Data entries:
*** Block opens ***
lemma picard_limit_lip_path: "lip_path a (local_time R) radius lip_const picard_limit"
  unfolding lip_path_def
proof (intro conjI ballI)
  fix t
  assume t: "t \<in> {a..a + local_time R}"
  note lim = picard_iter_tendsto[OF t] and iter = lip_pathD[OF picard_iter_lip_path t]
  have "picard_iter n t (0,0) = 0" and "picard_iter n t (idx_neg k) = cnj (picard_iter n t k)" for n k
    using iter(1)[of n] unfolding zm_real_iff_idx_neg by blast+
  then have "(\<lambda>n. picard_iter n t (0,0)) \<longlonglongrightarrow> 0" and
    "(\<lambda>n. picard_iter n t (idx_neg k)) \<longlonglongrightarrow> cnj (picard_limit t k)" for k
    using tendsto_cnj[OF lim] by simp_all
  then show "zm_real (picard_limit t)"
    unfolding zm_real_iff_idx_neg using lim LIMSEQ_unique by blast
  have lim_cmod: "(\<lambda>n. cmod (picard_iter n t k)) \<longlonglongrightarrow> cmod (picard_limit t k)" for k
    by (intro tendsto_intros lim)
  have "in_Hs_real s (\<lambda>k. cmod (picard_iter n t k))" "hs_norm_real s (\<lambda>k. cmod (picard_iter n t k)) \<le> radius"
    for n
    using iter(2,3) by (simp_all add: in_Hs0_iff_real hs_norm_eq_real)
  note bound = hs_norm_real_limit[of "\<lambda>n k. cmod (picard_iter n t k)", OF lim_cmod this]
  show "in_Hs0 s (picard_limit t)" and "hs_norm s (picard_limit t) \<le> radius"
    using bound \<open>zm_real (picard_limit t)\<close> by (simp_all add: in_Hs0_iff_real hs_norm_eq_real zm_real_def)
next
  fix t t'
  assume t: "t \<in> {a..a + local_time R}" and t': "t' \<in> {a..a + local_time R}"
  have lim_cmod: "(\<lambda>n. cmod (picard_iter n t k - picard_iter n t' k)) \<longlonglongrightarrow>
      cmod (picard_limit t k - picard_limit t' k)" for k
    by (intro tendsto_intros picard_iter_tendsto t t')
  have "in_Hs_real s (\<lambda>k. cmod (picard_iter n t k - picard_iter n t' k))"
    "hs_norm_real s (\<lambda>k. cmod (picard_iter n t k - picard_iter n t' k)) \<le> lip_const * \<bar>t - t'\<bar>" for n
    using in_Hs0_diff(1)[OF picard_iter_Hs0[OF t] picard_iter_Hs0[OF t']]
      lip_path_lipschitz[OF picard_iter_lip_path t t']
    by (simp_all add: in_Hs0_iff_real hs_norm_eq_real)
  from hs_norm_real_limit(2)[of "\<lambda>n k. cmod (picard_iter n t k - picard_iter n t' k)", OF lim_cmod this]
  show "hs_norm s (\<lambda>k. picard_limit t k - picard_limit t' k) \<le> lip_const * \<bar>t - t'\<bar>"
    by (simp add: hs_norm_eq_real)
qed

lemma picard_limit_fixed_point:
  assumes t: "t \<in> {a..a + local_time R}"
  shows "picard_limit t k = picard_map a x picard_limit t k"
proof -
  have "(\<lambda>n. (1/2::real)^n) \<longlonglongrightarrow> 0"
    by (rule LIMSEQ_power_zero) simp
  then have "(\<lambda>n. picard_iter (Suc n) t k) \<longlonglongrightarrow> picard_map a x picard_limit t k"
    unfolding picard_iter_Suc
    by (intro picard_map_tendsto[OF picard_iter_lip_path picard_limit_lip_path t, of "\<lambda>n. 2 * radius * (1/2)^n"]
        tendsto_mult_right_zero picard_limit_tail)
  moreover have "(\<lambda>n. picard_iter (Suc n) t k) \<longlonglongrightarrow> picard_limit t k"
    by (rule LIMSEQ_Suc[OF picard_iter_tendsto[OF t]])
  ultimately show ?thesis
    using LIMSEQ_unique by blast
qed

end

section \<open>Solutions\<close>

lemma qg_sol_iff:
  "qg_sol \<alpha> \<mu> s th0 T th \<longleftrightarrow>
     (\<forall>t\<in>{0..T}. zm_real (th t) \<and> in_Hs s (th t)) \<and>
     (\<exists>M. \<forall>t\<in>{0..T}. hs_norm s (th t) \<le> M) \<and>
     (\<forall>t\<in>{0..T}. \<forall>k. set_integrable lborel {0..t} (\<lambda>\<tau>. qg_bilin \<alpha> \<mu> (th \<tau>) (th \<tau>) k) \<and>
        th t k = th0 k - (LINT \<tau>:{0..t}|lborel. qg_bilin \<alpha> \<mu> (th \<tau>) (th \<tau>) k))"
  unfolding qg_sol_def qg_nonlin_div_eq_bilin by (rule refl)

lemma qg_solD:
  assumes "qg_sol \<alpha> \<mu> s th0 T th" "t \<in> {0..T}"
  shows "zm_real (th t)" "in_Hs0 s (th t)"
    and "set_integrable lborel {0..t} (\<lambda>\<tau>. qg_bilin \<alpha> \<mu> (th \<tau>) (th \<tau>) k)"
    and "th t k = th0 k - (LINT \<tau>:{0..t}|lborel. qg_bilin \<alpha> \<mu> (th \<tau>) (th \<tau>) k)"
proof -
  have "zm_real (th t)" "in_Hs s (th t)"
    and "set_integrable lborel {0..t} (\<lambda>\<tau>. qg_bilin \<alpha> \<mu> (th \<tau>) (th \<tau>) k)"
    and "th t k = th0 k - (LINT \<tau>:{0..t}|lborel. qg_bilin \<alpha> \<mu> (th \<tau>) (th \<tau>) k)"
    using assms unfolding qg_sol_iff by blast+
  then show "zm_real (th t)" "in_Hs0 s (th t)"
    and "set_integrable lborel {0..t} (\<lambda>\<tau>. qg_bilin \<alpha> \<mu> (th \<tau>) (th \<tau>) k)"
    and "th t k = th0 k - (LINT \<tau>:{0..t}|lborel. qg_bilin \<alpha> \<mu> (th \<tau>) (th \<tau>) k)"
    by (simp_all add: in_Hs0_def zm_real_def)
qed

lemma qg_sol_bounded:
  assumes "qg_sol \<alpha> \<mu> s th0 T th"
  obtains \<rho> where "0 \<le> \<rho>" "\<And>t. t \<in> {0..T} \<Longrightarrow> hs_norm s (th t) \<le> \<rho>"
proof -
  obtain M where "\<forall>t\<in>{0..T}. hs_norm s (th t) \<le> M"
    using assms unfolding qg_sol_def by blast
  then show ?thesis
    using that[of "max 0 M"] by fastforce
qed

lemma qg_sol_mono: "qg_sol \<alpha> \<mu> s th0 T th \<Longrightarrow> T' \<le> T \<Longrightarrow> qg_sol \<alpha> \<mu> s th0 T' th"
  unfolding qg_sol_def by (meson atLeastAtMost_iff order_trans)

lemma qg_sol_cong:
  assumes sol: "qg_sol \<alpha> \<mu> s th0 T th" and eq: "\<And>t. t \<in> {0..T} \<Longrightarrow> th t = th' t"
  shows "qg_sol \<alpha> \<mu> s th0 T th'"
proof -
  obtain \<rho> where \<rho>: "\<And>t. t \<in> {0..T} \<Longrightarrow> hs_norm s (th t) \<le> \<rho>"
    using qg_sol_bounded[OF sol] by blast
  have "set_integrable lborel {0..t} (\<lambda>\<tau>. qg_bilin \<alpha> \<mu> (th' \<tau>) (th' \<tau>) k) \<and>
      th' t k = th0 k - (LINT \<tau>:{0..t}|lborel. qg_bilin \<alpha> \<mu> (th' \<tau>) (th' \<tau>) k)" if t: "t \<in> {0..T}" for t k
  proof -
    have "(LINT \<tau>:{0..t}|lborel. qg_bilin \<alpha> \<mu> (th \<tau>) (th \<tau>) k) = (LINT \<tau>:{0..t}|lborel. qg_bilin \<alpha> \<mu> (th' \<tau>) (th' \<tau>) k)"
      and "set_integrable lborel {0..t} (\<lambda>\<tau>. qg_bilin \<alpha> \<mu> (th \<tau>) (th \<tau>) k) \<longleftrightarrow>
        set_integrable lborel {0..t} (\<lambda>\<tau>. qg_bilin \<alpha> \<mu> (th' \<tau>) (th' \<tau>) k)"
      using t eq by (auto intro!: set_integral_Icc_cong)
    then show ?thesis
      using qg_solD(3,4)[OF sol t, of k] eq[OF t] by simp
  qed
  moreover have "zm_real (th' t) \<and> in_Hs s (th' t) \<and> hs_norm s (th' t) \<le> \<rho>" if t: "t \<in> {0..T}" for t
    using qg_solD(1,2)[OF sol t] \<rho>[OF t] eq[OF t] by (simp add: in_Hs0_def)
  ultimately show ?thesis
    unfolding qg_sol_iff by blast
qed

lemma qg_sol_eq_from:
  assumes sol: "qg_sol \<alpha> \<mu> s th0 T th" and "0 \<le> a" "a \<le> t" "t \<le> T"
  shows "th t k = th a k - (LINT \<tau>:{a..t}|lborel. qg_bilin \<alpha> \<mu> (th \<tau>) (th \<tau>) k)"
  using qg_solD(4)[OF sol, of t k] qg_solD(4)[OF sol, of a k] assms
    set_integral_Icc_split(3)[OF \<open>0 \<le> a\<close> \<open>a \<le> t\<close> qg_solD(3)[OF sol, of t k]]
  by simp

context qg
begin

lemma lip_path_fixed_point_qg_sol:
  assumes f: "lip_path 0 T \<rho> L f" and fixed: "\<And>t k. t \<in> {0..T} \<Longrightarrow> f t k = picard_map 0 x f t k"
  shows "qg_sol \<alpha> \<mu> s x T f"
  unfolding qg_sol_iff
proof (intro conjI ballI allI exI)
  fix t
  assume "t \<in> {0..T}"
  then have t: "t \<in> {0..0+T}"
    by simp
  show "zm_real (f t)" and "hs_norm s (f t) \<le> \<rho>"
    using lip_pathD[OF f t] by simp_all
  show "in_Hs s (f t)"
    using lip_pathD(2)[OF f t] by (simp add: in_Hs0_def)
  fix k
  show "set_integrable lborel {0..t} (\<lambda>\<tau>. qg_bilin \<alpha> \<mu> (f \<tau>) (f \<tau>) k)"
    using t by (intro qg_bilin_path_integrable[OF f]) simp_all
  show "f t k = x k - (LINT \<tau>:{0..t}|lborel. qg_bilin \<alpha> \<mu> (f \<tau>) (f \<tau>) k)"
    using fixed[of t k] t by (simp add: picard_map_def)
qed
*** Block closes ***
* _Task directions_
Pull every line with the string "assumes" from the data above.

* _Exercise answer_
  assumes t: "t \<in> {a..a + local_time R}"
  assumes "qg_sol \<alpha> \<mu> s th0 T th" "t \<in> {0..T}"
  assumes "qg_sol \<alpha> \<mu> s th0 T th"
  assumes sol: "qg_sol \<alpha> \<mu> s th0 T th" and eq: "\<And>t. t \<in> {0..T} \<Longrightarrow> th t = th' t"
  assumes sol: "qg_sol \<alpha> \<mu> s th0 T th" and "0 \<le> a" "a \<le> t" "t \<le> T"
  assumes f: "lip_path 0 T \<rho> L f" and fixed: "\<And>t k. t \<in> {0..T} \<Longrightarrow> f t k = picard_map 0 x f t k"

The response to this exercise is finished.